I arrived at Keflavik airport at dawn, around 1 am. The sunrise was beautifully reddish, pink and orange, with the bay of Reykjavik and mountains and volcanos in the background. Dawn seemed to last forever, but after a few hours unchanged beauty I realized that this is what night is like in Iceland in summer. D’oh.
I can’t believe that I still haven’t checked out the phallological museum Kat pointed me to. However, people who know me (or have travelled with me) will probably very well believe that I haven’t set my foot into a museum yet.
Instead, I visited all the outdoor clothing stores I could find on the main shopping street, which were about five. The last one looked most promising for me to ask (with a red head from embarrassment) for a marine flare, that Daniel asked me to get in case volcano Katla erupts while we’re walking in the area next week and we need to signal our position to the helicopters that come looking for us.
The staff didn’t laugh at me but seemed to take me seriously, even said it was a good idea, and pointed me to the one store in Reykjavik where I could actually buy such a thing. (Apparently, you’re not allowed to bring marine flares on a plane. Maybe I can borrow one and return it to the shop in case we don’t need it.)
Aside from browsing through outdoor clothing stores I’m rather sick of yet another city. After having spent a whole week in Göteborg I didn’t enjoy Reykjavik too much for two reasons. One is that in cities I tend to mindlessly spend money. I often find myself in a shop browsing through clothes that I suddenly think I really need. Even though I don’t. And it often takes me to actually try clothes on until I realize how miserable clothes shopping makes me. Especially in big department stores. In Stockholm I thought that I couldn’t live (and travel) without mid-length sports pants. In Glasgow, I spent hours to find a lint shaver to make my fleece look a bit nicer! In Göteborg I desperately wanted shorts to wear with all my new pretty tights. (I ended up buying a pair for 3€ in a second hand shop which isn’t too bad.) The shopping experience makes me miserable (and feeling guilty if I end up buying stuff from a big international corporation), and I waste money for more stuff that I’ll have to carry - the garment must be REALLY pretty and functional in order to make the purchase worth all that. I already made a longish list of things I’ll leave at home when I stop by there in September before I’ll head to Australia.
Also, walking through a city, whenever I think my feet are tired (every other hour or so), even though they are not really, I look for a coffee shop. There are days when I pay for coffee three times, even though I could make myself a cup for so much cheaper at the hostel. Thinking about it, this is probably part of the reason why I sleep so poorly in Iceland…

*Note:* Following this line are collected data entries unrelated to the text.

locale gibbs_potential =
  fixes p \<sigma> M L :: real
    and dF :: "('a::euclidean_space) measure \<Rightarrow> 'a \<Rightarrow> real"
    and U :: "'a \<Rightarrow> real"
  assumes sigma_pos: "\<sigma> > 0" and L_pos: "L > 0"
    and dF_bounded: "\<And>m x. m \<in> prob_measures \<Longrightarrow> \<bar>dF m x\<bar> \<le> M"
    and dF_lipschitz: "\<And>m m' x x'. m \<in> prob_measures \<Longrightarrow> m' \<in> prob_measures \<Longrightarrow>
        ennreal \<bar>dF m x - dF m' x'\<bar> \<le> ennreal L * (wasserstein p m m' + ennreal (dist x x'))"
    and U_measurable: "U \<in> borel_measurable borel"
    and nn_integral_exp_neg_U: "(\<integral>\<^sup>+ x. ennreal (exp (- U x)) \<partial>lborel) = 1"
begin

definition K :: real where
  "K = 2 / \<sigma>\<^sup>2 * M"

definition gibbs_weight :: "'a measure \<Rightarrow> 'a \<Rightarrow> real" where
  "gibbs_weight m y = exp (- 2 / \<sigma>\<^sup>2 * dF m y - U y)"

definition normaliser :: "'a measure \<Rightarrow> real" where
  "normaliser m = (\<integral>y. gibbs_weight m y \<partial>lborel)"

lemma gibbs_density_eq: "gibbs_density \<sigma> dF U m x = gibbs_weight m x / normaliser m"
  by (simp add: gibbs_density_def gibbs_weight_def normaliser_def)

lemma dF_lipschitz_measure:
  assumes "m \<in> prob_measures" "m' \<in> prob_measures"
  shows "ennreal \<bar>dF m y - dF m' y\<bar> \<le> ennreal L * wasserstein p m m'"
  using dF_lipschitz[OF assms, of y y] by simp

lemma dF_lipschitz_point:
  assumes "m \<in> prob_measures"
  shows "\<bar>dF m x - dF m x'\<bar> \<le> L * dist x x'"
proof -
  have "ennreal \<bar>dF m x - dF m x'\<bar> \<le> ennreal (L * dist x x')"
    using dF_lipschitz[OF assms assms, of x x'] wasserstein_self[OF assms] L_pos
    by (simp add: ennreal_mult)
  then show ?thesis
    using L_pos by (simp add: ennreal_le_iff)
qed

lemma borel_measurable_dF:
  assumes "m \<in> prob_measures"
  shows "dF m \<in> borel_measurable borel"
proof (rule borel_measurable_continuous_onI)
  have "L-lipschitz_on UNIV (dF m)"
    using dF_lipschitz_point[OF assms] L_pos by (intro lipschitz_onI) (auto simp: dist_real_def)
  then show "continuous_on UNIV (dF m)"
    by (rule lipschitz_on_continuous_on)
qed

lemma integrable_exp_neg_U: "integrable lborel (\<lambda>y. exp (- U y))"
  using U_measurable nn_integral_exp_neg_U by (intro integrableI_nn_integral_finite[where x = 1]) auto

lemma integral_exp_neg_U: "(\<integral>y. exp (- U y) \<partial>lborel) = 1"
  using U_measurable nn_integral_exp_neg_U by (subst integral_eq_nn_integral) auto

lemma gibbs_exponent_bounds:
  assumes "m \<in> prob_measures"
  shows "- K \<le> - 2 / \<sigma>\<^sup>2 * dF m y" and "- 2 / \<sigma>\<^sup>2 * dF m y \<le> K"
proof -
  have "\<bar>2 / \<sigma>\<^sup>2 * dF m y\<bar> \<le> K"
    using mult_left_mono[OF dF_bounded[OF assms], of "2 / \<sigma>\<^sup>2"] sigma_pos
    by (simp add: K_def abs_mult)
  then show "- K \<le> - 2 / \<sigma>\<^sup>2 * dF m y" and "- 2 / \<sigma>\<^sup>2 * dF m y \<le> K"
    by (simp_all only: minus_divide_left[symmetric] mult_minus_left abs_le_iff) linarith+
qed

lemma gibbs_weight_bounds:
  assumes "m \<in> prob_measures"
  shows "exp (- K) * exp (- U y) \<le> gibbs_weight m y"
    and "gibbs_weight m y \<le> exp K * exp (- U y)"
  using gibbs_exponent_bounds[OF assms, of y] by (auto simp: gibbs_weight_def simp flip: exp_add)

lemma integrable_gibbs_weight:
  assumes "m \<in> prob_measures"
  shows "integrable lborel (gibbs_weight m)"
proof (rule Bochner_Integration.integrable_bound[OF integrable_mult_right[OF integrable_exp_neg_U]])
  show "gibbs_weight m \<in> borel_measurable lborel"
    using borel_measurable_dF[OF assms] U_measurable by (simp add: gibbs_weight_def[abs_def])
  show "AE y in lborel. norm (gibbs_weight m y) \<le> norm (exp K * exp (- U y))"
    using gibbs_weight_bounds(2)[OF assms] by (simp add: gibbs_weight_def)
qed

lemma normaliser_bounds:
  assumes "m \<in> prob_measures"
  shows "exp (- K) \<le> normaliser m" and "normaliser m \<le> exp K"
proof -
  have "(\<integral>y. exp (- K) * exp (- U y) \<partial>lborel) \<le> normaliser m"
    unfolding normaliser_def using gibbs_weight_bounds(1)[OF assms]
    by (intro integral_mono integrable_mult_right integrable_exp_neg_U integrable_gibbs_weight assms)
  then show "exp (- K) \<le> normaliser m"
    by (simp add: integral_exp_neg_U)
  have "normaliser m \<le> (\<integral>y. exp K * exp (- U y) \<partial>lborel)"
    unfolding normaliser_def using gibbs_weight_bounds(2)[OF assms]
    by (intro integral_mono integrable_mult_right integrable_exp_neg_U integrable_gibbs_weight assms)
  then show "normaliser m \<le> exp K"
    by (simp add: integral_exp_neg_U)
qed

lemma gibbs_density_bounds:
  assumes "m \<in> prob_measures"
  shows "exp (- 2 * K) * exp (- U x) \<le> gibbs_density \<sigma> dF U m x"
    and "gibbs_density \<sigma> dF U m x \<le> exp (2 * K) * exp (- U x)"
proof -
  note Z = normaliser_bounds[OF assms] and w = gibbs_weight_bounds[OF assms, of x]
  have "exp (- 2 * K) * exp (- U x) = exp (- K) * exp (- U x) / exp K"
    by (simp add: field_simps flip: exp_add)
  also have "\<dots> \<le> gibbs_weight m x / normaliser m"
    using Z by (intro frac_le w(1)) (auto simp: gibbs_weight_def intro: less_le_trans[OF exp_gt_zero])
  finally show "exp (- 2 * K) * exp (- U x) \<le> gibbs_density \<sigma> dF U m x"
    by (simp add: gibbs_density_eq)
  have "gibbs_weight m x / normaliser m \<le> exp K * exp (- U x) / exp (- K)"
    using Z by (intro frac_le w(2)) (auto simp: gibbs_weight_def)
  also have "\<dots> = exp (2 * K) * exp (- U x)"
    by (simp add: field_simps flip: exp_add)
  finally show "gibbs_density \<sigma> dF U m x \<le> exp (2 * K) * exp (- U x)"
    by (simp add: gibbs_density_eq)
qed

lemma gibbs_weight_lipschitz:
  assumes "m \<in> prob_measures" "m' \<in> prob_measures" and "wasserstein p m m' \<noteq> \<top>"
  shows "\<bar>gibbs_weight m y - gibbs_weight m' y\<bar>
           \<le> exp K * (2 / \<sigma>\<^sup>2) * L * enn2real (wasserstein p m m') * exp (- U y)"
proof -
  let ?w = "enn2real (wasserstein p m m')"
  have "ennreal \<bar>dF m y - dF m' y\<bar> \<le> ennreal (L * ?w)"
    using dF_lipschitz_measure[OF assms(1,2), of y] assms(3) L_pos
    by (simp add: ennreal_mult ennreal_enn2real_if)
  then have dF_diff: "\<bar>dF m y - dF m' y\<bar> \<le> L * ?w"
    using L_pos by (simp add: ennreal_le_iff)
  have "\<bar>gibbs_weight m y - gibbs_weight m' y\<bar>
          \<le> exp (K - U y) * \<bar>(- 2 / \<sigma>\<^sup>2 * dF m y - U y) - (- 2 / \<sigma>\<^sup>2 * dF m' y - U y)\<bar>"
    unfolding gibbs_weight_def
    by (intro abs_exp_diff_le)
      (use gibbs_exponent_bounds(2)[OF assms(1), of y] gibbs_exponent_bounds(2)[OF assms(2), of y] in auto)
  also have "(- 2 / \<sigma>\<^sup>2 * dF m y - U y) - (- 2 / \<sigma>\<^sup>2 * dF m' y - U y) = 2 / \<sigma>\<^sup>2 * (dF m' y - dF m y)"
    by (simp add: algebra_simps diff_divide_distrib)
  also have "exp (K - U y) * \<bar>2 / \<sigma>\<^sup>2 * (dF m' y - dF m y)\<bar>
               = exp (K - U y) * (2 / \<sigma>\<^sup>2 * \<bar>dF m y - dF m' y\<bar>)"
    by (simp only: abs_mult abs_minus_commute[of "dF m' y"]) simp
  also have "\<dots> \<le> exp (K - U y) * (2 / \<sigma>\<^sup>2 * (L * ?w))"
    using dF_diff by (intro mult_left_mono) auto
  also have "\<dots> = exp K * (2 / \<sigma>\<^sup>2) * L * ?w * exp (- U y)"
    by (simp add: exp_diff exp_minus field_simps)
  finally show ?thesis .
qed

lemma normaliser_lipschitz:
  assumes "m \<in> prob_measures" "m' \<in> prob_measures"
  shows "ennreal \<bar>normaliser m - normaliser m'\<bar>
           \<le> ennreal (exp K * (2 / \<sigma>\<^sup>2) * L) * wasserstein p m m'"
proof (cases "wasserstein p m m' = \<top>")
  case True
  then show ?thesis
    using sigma_pos L_pos by (simp add: ennreal_mult_top)
next
  case False
  let ?c = "exp K * (2 / \<sigma>\<^sup>2) * L" and ?w = "enn2real (wasserstein p m m')"
  have "\<bar>normaliser m - normaliser m'\<bar> = \<bar>\<integral>y. gibbs_weight m y - gibbs_weight m' y \<partial>lborel\<bar>"
    unfolding normaliser_def using integrable_gibbs_weight[OF assms(1)] integrable_gibbs_weight[OF assms(2)]
    by simp
  also have "\<dots> \<le> (\<integral>y. ?c * ?w * exp (- U y) \<partial>lborel)"
    using gibbs_weight_lipschitz[OF assms False]
    by (intro integral_abs_bound_integral Bochner_Integration.integrable_diff integrable_gibbs_weight
        integrable_mult_right integrable_exp_neg_U assms) simp
  also have "\<dots> = ?c * ?w"
    by (simp add: integral_exp_neg_U)
  finally have "ennreal \<bar>normaliser m - normaliser m'\<bar> \<le> ennreal (?c * ?w)"
    by (rule ennreal_leI)
  also have "\<dots> = ennreal ?c * ennreal ?w"
    by (rule ennreal_mult) (use sigma_pos L_pos in auto)
  also have "ennreal ?w = wasserstein p m m'"
    using False by (simp add: ennreal_enn2real_if)
  finally show ?thesis .
qed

And this ties in smoothly with the second reason why I want to flee the city which is what I am actually doing right now, sitting on a bus to the Snæfellsnes peninsula. I don’t sleep well in my hostel. It’s a great hostel for young people I think. Very hip, a live music venue, a former cookie factory, stylish loft-like interior. But it is so loud. All the dorm windows open to the outdoor patio where people get drunk all night. Doors open and close very noisily. One of my dorm mates snores badly. And there’s never an hour during the whole day where it is actually quiet. I have slept fine in other hostel dorms with up to 14 beds. And even at Herräng dance camp with 40 other people in a room no earplugs were necessary.
But the noise all day long in Reykjavik and ALL THOSE PEOPLE (other tourists) have been making me more and more sensitive, so that I eventually booked a private room in the little village Stykkishólmur from where I can explore the Snæfellsnes peninsula and maybe even climb the Snæfellsjökull glacier. And here’s a fun fact since I take the educational mandate of my blog as seriously as all the fun and entertainment: “jökull” means glacier so “Snæfellsjökull glacier” is technically saying the same thing twice.
My host in Stykkishólmur on Snæfellsnes will be Heimur who owns an old farm house with great views and rents out the rooms on the second floor. He offered to pick me up from the bus stop. Also, on his Airbnb (a website where you can rent rooms) profile he states that his guests will be able to join him on the first floor and socialize as much as they like. He’s a musician and might give you a private concert. In his garden live elves/pixies/fairies - forgot which one, also don’t really know the difference, but I’m sure he’ll explain. So I might finally meet a real local today, the first one so far, not counting the bus drivers.